If each GPU finishes it's own task in under 15 minutes (and for the people in this discussion, I expect that's true), then each GPU should get it's own 100 allocation from a 1-day cache, too.


So why did the gpu caches fall? Under your scenario, they should have maintained their full caches. BoincTasks has the handy feature of keeping a running daily and weekly tally of cpu and gpu production.

My Windows machines,(the slowest in the farm) do around 1000 tasks a day on 3 gpus in each machine.
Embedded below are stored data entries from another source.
(* Let $k$ be a field and let $\varphi$ be a cubic form on a finite-dimensional vector space $V$ over $k$. If there exists a simple field extension $K/k$ with $[K:k] = 4$ such that $\varphi_K$ is isotropic, then there exists a finite extension $L/k$ with $[L:k] \in \{1,5\}$ such that $\varphi_L$ is isotropic.
   Context: A cubic form is a homogeneous polynomial function of degree $3$. For a field extension $K/k$, $\varphi_K$ denotes the form on $V \otimes_k K$ with $\varphi_K(v \otimes w) = w^3 \varphi(v)$. A form is isotropic if it has a non-zero zero. *)

theory Defs
  imports "HOL-Algebra.Algebra"
begin

text \<open>A cubic form on V = k^n (coordinates w.r.t. a basis of the finite-dimensional
  space V): phi(x) = sum over i,j,l < n of c i j l * x_i * x_j * x_l, with coefficients in k.\<close>
definition cubic_form :: "('a, 'm) ring_scheme \<Rightarrow> nat \<Rightarrow> (nat \<Rightarrow> nat \<Rightarrow> nat \<Rightarrow> 'a) \<Rightarrow> bool" where
  "cubic_form k n c \<longleftrightarrow> (\<forall>i<n. \<forall>j<n. \<forall>l<n. c i j l \<in> carrier k)"

definition base_change_eval ::
  "('b, 'n) ring_scheme \<Rightarrow> ('a \<Rightarrow> 'b) \<Rightarrow> nat \<Rightarrow> (nat \<Rightarrow> nat \<Rightarrow> nat \<Rightarrow> 'a) \<Rightarrow> (nat \<Rightarrow> 'b) \<Rightarrow> 'b" where
  "base_change_eval L h n c x =
     (\<Oplus>\<^bsub>L\<^esub> i \<in> {..<n}. \<Oplus>\<^bsub>L\<^esub> j \<in> {..<n}. \<Oplus>\<^bsub>L\<^esub> l \<in> {..<n}.
        h (c i j l) \<otimes>\<^bsub>L\<^esub> x i \<otimes>\<^bsub>L\<^esub> x j \<otimes>\<^bsub>L\<^esub> x l)"

definition isotropic_over ::
  "('b, 'n) ring_scheme \<Rightarrow> ('a \<Rightarrow> 'b) \<Rightarrow> nat \<Rightarrow> (nat \<Rightarrow> nat \<Rightarrow> nat \<Rightarrow> 'a) \<Rightarrow> bool" where
  "isotropic_over L h n c \<longleftrightarrow>
     (\<exists>x. (\<forall>i<n. x i \<in> carrier L) \<and> (\<exists>i<n. x i \<noteq> \<zero>\<^bsub>L\<^esub>) \<and> base_change_eval L h n c x = \<zero>\<^bsub>L\<^esub>)"

definition field_extension :: "('a, 'm) ring_scheme \<Rightarrow> ('b, 'n) ring_scheme \<Rightarrow> ('a \<Rightarrow> 'b) \<Rightarrow> bool" where
  "field_extension k L h \<longleftrightarrow> field L \<and> h \<in> ring_hom k L"

definition ext_degree_eq :: "('a, 'm) ring_scheme \<Rightarrow> ('b, 'n) ring_scheme \<Rightarrow> ('a \<Rightarrow> 'b) \<Rightarrow> nat \<Rightarrow> bool" where
  "ext_degree_eq k L h d \<longleftrightarrow> ring.dimension L d (h ` carrier k) (carrier L)"

definition simple_field_extension :: "('a, 'm) ring_scheme \<Rightarrow> ('b, 'n) ring_scheme \<Rightarrow> ('a \<Rightarrow> 'b) \<Rightarrow> bool" where
  "simple_field_extension k L h \<longleftrightarrow>
     (\<exists>\<alpha> \<in> carrier L. carrier L = generate_field L (insert \<alpha> (h ` carrier k)))"

end

theory Submission
  imports Defs
begin

text \<open>
  Write \<open>K = k(\<alpha>) \<cong> k[t]/(p)\<close> with \<open>p\<close> irreducible of degree 4. A zero of \<open>\<phi>\<^sub>K\<close> is represented
  by polynomials \<open>v\<^sub>j(t)\<close>, not all divisible by \<open>p\<close>, with \<open>p\<close> dividing \<open>\<phi>(v(t))\<close>. Take such a
  representative whose degrees are bounded by the least possible \<open>e\<close>: then \<open>e < 4\<close>, the vector
  \<open>w\<close> of coefficients of \<open>t\<^sup>e\<close> is non-zero, and no irreducible polynomial divides all \<open>v\<^sub>j\<close>.
  If \<open>\<phi>(w) = 0\<close>, then \<open>\<phi>\<close> is isotropic over \<open>k\<close>. Otherwise \<open>\<phi>(v(t))\<close> has degree exactly \<open>3e\<close>,
  so \<open>\<phi>(v(t)) = p G\<close> with \<open>deg G = 3e - 4 \<in> {2, 5}\<close>, and every irreducible factor \<open>q\<close> of \<open>G\<close>
  yields a zero of \<open>\<phi>\<close> over \<open>k[t]/(q)\<close>. Some such \<open>q\<close> has degree 1, 2 or 5; in degree 2 the
  same argument gives \<open>deg G = 3e - 2 = 1\<close>, which brings us down to degree 1.
\<close>

lemma (in ring) base_change_eval_closed:
  assumes "\<And>i j l. i<n \<Longrightarrow> j<n \<Longrightarrow> l<n \<Longrightarrow> h (c i j l) \<in> carrier R"
    and "\<And>i. i<n \<Longrightarrow> x i \<in> carrier R"
  shows "base_change_eval R h n c x \<in> carrier R"
  unfolding base_change_eval_def using assms by (auto intro!: finsum_closed)

lemma (in ring) base_change_eval_cong:
  assumes "\<And>i j l. i<n \<Longrightarrow> j<n \<Longrightarrow> l<n \<Longrightarrow> h (c i j l) = h' (c i j l)"
    and "\<And>i. i<n \<Longrightarrow> x i = y i"
    and "\<And>i j l. i<n \<Longrightarrow> j<n \<Longrightarrow> l<n \<Longrightarrow> h' (c i j l) \<in> carrier R"
    and "\<And>i. i<n \<Longrightarrow> y i \<in> carrier R"
  shows "base_change_eval R h n c x = base_change_eval R h' n c y"
  unfolding base_change_eval_def using assms by (auto intro!: finsum_cong' finsum_closed)

lemma base_change_eval_hom:
  assumes "ring_hom_cring A B \<psi>"
    and "\<And>i j l. i<n \<Longrightarrow> j<n \<Longrightarrow> l<n \<Longrightarrow> h (c i j l) \<in> carrier A"
    and "\<And>i. i<n \<Longrightarrow> x i \<in> carrier A"
  shows "\<psi> (base_change_eval A h n c x) = base_change_eval B (\<psi> \<circ> h) n c (\<psi> \<circ> x)"
proof -
  interpret H: ring_hom_cring A B \<psi> by fact
  show ?thesis
    unfolding base_change_eval_def using assms(2,3)
    by (subst H.hom_finsum, fastforce intro: H.R.finsum_closed,
        auto simp: Pi_def intro!: H.S.finsum_cong')
qed

lemma (in cring) base_change_eval_smult:
  assumes "s \<in> carrier R"
    and "\<And>i j l. i<n \<Longrightarrow> j<n \<Longrightarrow> l<n \<Longrightarrow> h (c i j l) \<in> carrier R"
    and "\<And>i. i<n \<Longrightarrow> x i \<in> carrier R"
  shows "base_change_eval R h n c (\<lambda>i. s \<otimes> x i) = s [^] (3::nat) \<otimes> base_change_eval R h n c x"
proof -
  have "h (c i j l) \<otimes> (s \<otimes> x i) \<otimes> (s \<otimes> x j) \<otimes> (s \<otimes> x l)
      = s [^] (3::nat) \<otimes> (h (c i j l) \<otimes> x i \<otimes> x j \<otimes> x l)" if "i<n" "j<n" "l<n" for i j l
    using that assms by (simp add: numeral_3_eq_3 m_ac)
  then show ?thesis
    unfolding base_change_eval_def using assms
    by (auto simp: finsum_rdistr Pi_def intro!: finsum_cong' finsum_closed)
qed

section \<open>Polynomials over a field\<close>

context domain
begin

lemma poly_of_const_closed: "a \<in> carrier R \<Longrightarrow> poly_of_const a \<in> carrier (poly_ring R)"
  using ring_hom_closed[OF canonical_embedding_is_hom[OF carrier_is_subring]] by simp

lemma poly_ring_mult_degree:
  assumes "f \<in> carrier (poly_ring R)" "g \<in> carrier (poly_ring R)" "f \<noteq> []" "g \<noteq> []"
  shows "f \<otimes>\<^bsub>poly_ring R\<^esub> g \<noteq> []" and "degree (f \<otimes>\<^bsub>poly_ring R\<^esub> g) = degree f + degree g"
  using poly_mult_integral[OF carrier_is_subring] poly_mult_degree_eq[OF carrier_is_subring] assms
  by (auto simp: univ_poly_mult univ_poly_carrier)

lemma poly_length_le_if_coeff_zero:
  assumes "f \<in> carrier (poly_ring R)" "length f \<le> Suc e" "coeff f e = \<zero>"
  shows "length f \<le> e"
proof (rule ccontr)
  assume "\<not> length f \<le> e"
  then have "f \<noteq> []" "degree f = e" using assms(2) by auto
  then have "coeff f e = lead_coeff f" using lead_coeff_simp[of f] by simp
  moreover have "lead_coeff f \<noteq> \<zero>"
    using assms(1) \<open>f \<noteq> []\<close> unfolding univ_poly_carrier[symmetric] polynomial_def by simp
  ultimately show False using assms(3) by simp
qed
So a half days worth would be 500 tasks. The maximum server side limit for those machines is 300 tasks. The scheduler did not calculate the correct amount of work necessary for 1/2 day of gpu work and let the caches fall below the server limit of 300.
Seti@Home classic workunits:20,676 CPU time:74,226 hours

A proud member of the OFA (Old Farts Association)
ID: 1928670 · Report as offensive
Profile Keith Myers Special Project $250 donor
Volunteer tester
Avatar

Send message
Joined: 29 Apr 01
Posts: 13164
Credit: 1,160,866,277
RAC: 1,873
United States
Message 1928673 - Posted: 7 Apr 2018, 19:09:51 UTC - in response to Message 1928666.  

I will be putting the daily work request back to a full one day so the slower machines keep full gpu caches.
That's fine. If you want to achieve that, you'll have to tune each machine according to the relative speeds, and the relative numbers, of each resource. You may find it easier if you refer to <work_fetch_debug> every so often, to see how close you're getting.

Can you explain your comment about "tune each machine according to the relative speeds"?

What part of the system would be tuned? Are we talking about setting venues for each machine or something? Or are you talking about changing rsc_fpops_est in client_state?
Seti@Home classic workunits:20,676 CPU time:74,226 hours

A proud member of the OFA (Old Farts Association)
ID: 1928673 · Report as offensive
Richard Haselgrove Project Donor
Volunteer tester

Send message
Joined: 4 Jul 99
Posts: 14679
Credit: 200,643,578
RAC: 874
United Kingdom
Message 1928676 - Posted: 7 Apr 2018, 19:38:53 UTC - in response to Message 1928673.  

What part of the system would be tuned? Are we talking about setting venues for each machine or something? Or are you talking about changing rsc_fpops_est in client_state?
No, I wouldn't touch <rsc_fpops_est> - in fact, I wouldn't change anything inside client_state.xml (so no rescheduling, either). My aim Is to find out how the scheduler is really working, and hence to support or disprove some of the many theories that have been floated in this thread. Only once we all understand it, can we make sensible suggestions about how to drive it. I aim to work with BOINC, rather than against it - unless I come across a coding bug which makes it work in a way which is different from what is documented or which appears to have made the servers work differently from the way the designers intended.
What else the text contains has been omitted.